Witnesses saw several ambulances speeding towards the scene of the explosion.

The ministry said the bomb was placed inside a fan in the mosque.

No group has yet claimed responsibility for these four bombings, and it was not possible at this time to know whether they targeted a specific community.

Some of the deadly attacks that hit the country in late April were claimed by the jihadist group Islamic State (IS), and targeted in particular the Shiite Hazara minority, considered heretical by IS.

On April 28, already in Mazar-i-Sharif, bomb attacks, claimed by the IS, against two minibuses carrying Shiite passengers, had killed nine people.

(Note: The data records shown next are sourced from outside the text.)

text \<open>The closed-loop/error vector field F(z,e) = (f(z,v(z+e)), -f(z,v(z+e))).\<close>
definition closed_loop_F ::
  "('a::euclidean_space \<Rightarrow> 'b::euclidean_space \<Rightarrow> 'a) \<Rightarrow> ('a \<Rightarrow> 'b) \<Rightarrow> 'a \<times> 'a \<Rightarrow> 'a \<times> 'a" where
  "closed_loop_F f u w = (f (fst w) (u (fst w + snd w)), - f (fst w) (u (fst w + snd w)))"

definition trig_time :: "('a \<times> 'a \<Rightarrow> real) \<Rightarrow> ('a \<Rightarrow> real \<Rightarrow> 'a \<times> 'a) \<Rightarrow> 'a \<Rightarrow> real" where
  "trig_time \<phi> \<xi> x = Inf {t. 0 < t \<and> \<phi> (\<xi> x t) = 0}"

definition isochronous :: "('a \<times> 'a \<Rightarrow> real) \<Rightarrow> ('a \<Rightarrow> real \<Rightarrow> 'a \<times> 'a) \<Rightarrow> real \<Rightarrow> 'a set" where
  "isochronous \<phi> \<xi> ts = {x. trig_time \<phi> \<xi> x = ts}"

definition inner_approx :: "'a::real_vector set \<Rightarrow> 'a set \<Rightarrow> bool" where
  "inner_approx S M \<longleftrightarrow> (\<forall>x\<in>S. (\<exists>kap\<ge>1. kap *\<^sub>R x \<in> M) \<and> \<not> (\<exists>lam\<in>{0<..<1}. lam *\<^sub>R x \<in> M))"

definition ray_property :: "'a::real_vector set \<Rightarrow> bool" where
  "ray_property S \<longleftrightarrow> (\<forall>x. x \<noteq> 0 \<longrightarrow> (\<exists>!lam. 0 < lam \<and> lam *\<^sub>R x \<in> S))"

definition encirclement :: "'a::real_vector set \<Rightarrow> 'a set \<Rightarrow> bool" where
  "encirclement S1 S2 \<longleftrightarrow> (\<forall>x\<in>S1. (\<exists>!lam. lam \<in> {0<..<1} \<and> lam *\<^sub>R x \<in> S2)
      \<and> \<not> (\<exists>kap\<ge>1. kap *\<^sub>R x \<in> S2))"

definition region_between :: "'a::real_vector set \<Rightarrow> 'a set \<Rightarrow> 'a set" where
  "region_between S1 S2 = {x. (\<exists>kap\<ge>1. kap *\<^sub>R x \<in> S1) \<and> (\<exists>lam\<in>{0<..<1}. lam *\<^sub>R x \<in> S2)}"

end

theory Submission
  imports Defs
begin

text \<open>Trajectories of the homogeneous closed loop scale: if \<open>x = \<mu> y\<close> then
  \<open>\<xi>(t; x) = \<mu> \<xi>(\<mu>\<^sup>\<alpha> t; y)\<close>, by uniqueness of solutions of the smooth ODE. Since \<open>\<phi>\<close> is
  homogeneous, every zero of \<open>t \<mapsto> \<phi>(\<xi>(t; x))\<close> therefore yields the zero \<open>\<mu>\<^sup>\<alpha> t\<close> of
  \<open>t \<mapsto> \<phi>(\<xi>(t; y))\<close>, which is earlier when \<open>\<mu> \<le> 1\<close>; hence \<open>\<tau>(x) \<ge> \<tau>(y)\<close>. A point
  \<open>x\<close> of the region lies on a ray through some \<open>y = c x\<close>, \<open>c \<ge> 1\<close>, of the isochronous
  manifold \<open>M\<^sub>\<tau>\<^sub>i\<close>, so \<open>\<tau>(x) \<ge> \<tau>(y) = \<tau>\<^sub>i\<close>.\<close>

lemma has_vector_derivative_nonneg_imp_continuous_on:
  assumes "\<And>t. 0 \<le> t \<Longrightarrow> (z has_vector_derivative D t) (at t within {0..})"
  shows "continuous_on {0..} z"
  using assms by (auto intro!: has_derivative_continuous_on simp: has_vector_derivative_def)
text \<open>
  Fix a bipartition \<open>(A, B)\<close> of \<open>G\<close>. Each side of a biclique is the common neighbourhood
  of the other, so a biclique is determined by its \<open>A\<close>-side, \<open>A\<close>-sides and \<open>B\<close>-sides of
  bicliques are ordered oppositely, and two bicliques are mutually included exactly when
  their \<open>A\<close>-sides are strictly nested. Hence \<open>KB\<^sub>m(G)\<close> is the comparability graph of the
  bicliques ordered by inclusion of \<open>A\<close>-sides. This poset is IIC: if the \<open>A\<close>-sides of
  \<open>u\<close> and \<open>v\<close> both contain the \<open>A\<close>-side of a third biclique, their intersection together
  with its common neighbourhood in \<open>B\<close> is again a biclique; dually for \<open>B\<close>-sides.

  Conversely, a finite IIC poset \<open>(C, \<le>)\<close> is recovered from the bipartite graph on a lower
  and an upper copy of \<open>C\<close> in which \<open>a\<close> is joined to \<open>b\<close> when \<open>a \<le> b\<close>. Its bicliques are
  exactly the sets \<open>\<down>c \<union> \<up>c\<close>: the lower side of a biclique is the intersection of the
  principal ideals \<open>\<down>b\<close> over its upper side, which by IIC is a principal ideal \<open>\<down>w\<close>, and
  then its upper side is \<open>\<up>w\<close>. So \<open>c \<mapsto> \<down>c \<union> \<up>c\<close> is an order isomorphism onto the
  bicliques.
\<close>

section \<open>Intervals of a poset\<close>

definition lower_interval_closed :: "'a set \<Rightarrow> ('a \<Rightarrow> 'a \<Rightarrow> bool) \<Rightarrow> bool" where
  "lower_interval_closed C le \<longleftrightarrow> (\<forall>u\<in>C. \<forall>v\<in>C. Iminus C le u \<inter> Iminus C le v \<noteq> {} \<longrightarrow>
     (\<exists>w\<in>C. Iminus C le w = Iminus C le u \<inter> Iminus C le v))"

On April 21, a Shiite mosque in this city was also the target of a bomb. At least 12 people were killed and 58 injured, and again IS claimed responsibility for the attack.

The following day, at least 36 people, including children, were killed in Kunduz (north-east) in another bomb attack against a Sunni mosque, frequented by Sufis, during Friday prayers.

In Kabul, ten people were killed on April 29 in an explosion in a Sunni mosque after Friday prayers.

The Taliban are trying to downplay the threat from Islamic State-Khorasan (ISIS-K), the regional branch of ISIS, and are waging a ruthless fight against the group, which they have been fighting for years.

They multiplied raids, particularly in the eastern province of Nangarhar, and arrested hundreds of men accused of being part of it.

They have claimed for a few months to have defeated EI-K, but analysts believe that the extremist group still constitutes the main security challenge for the new Afghan power.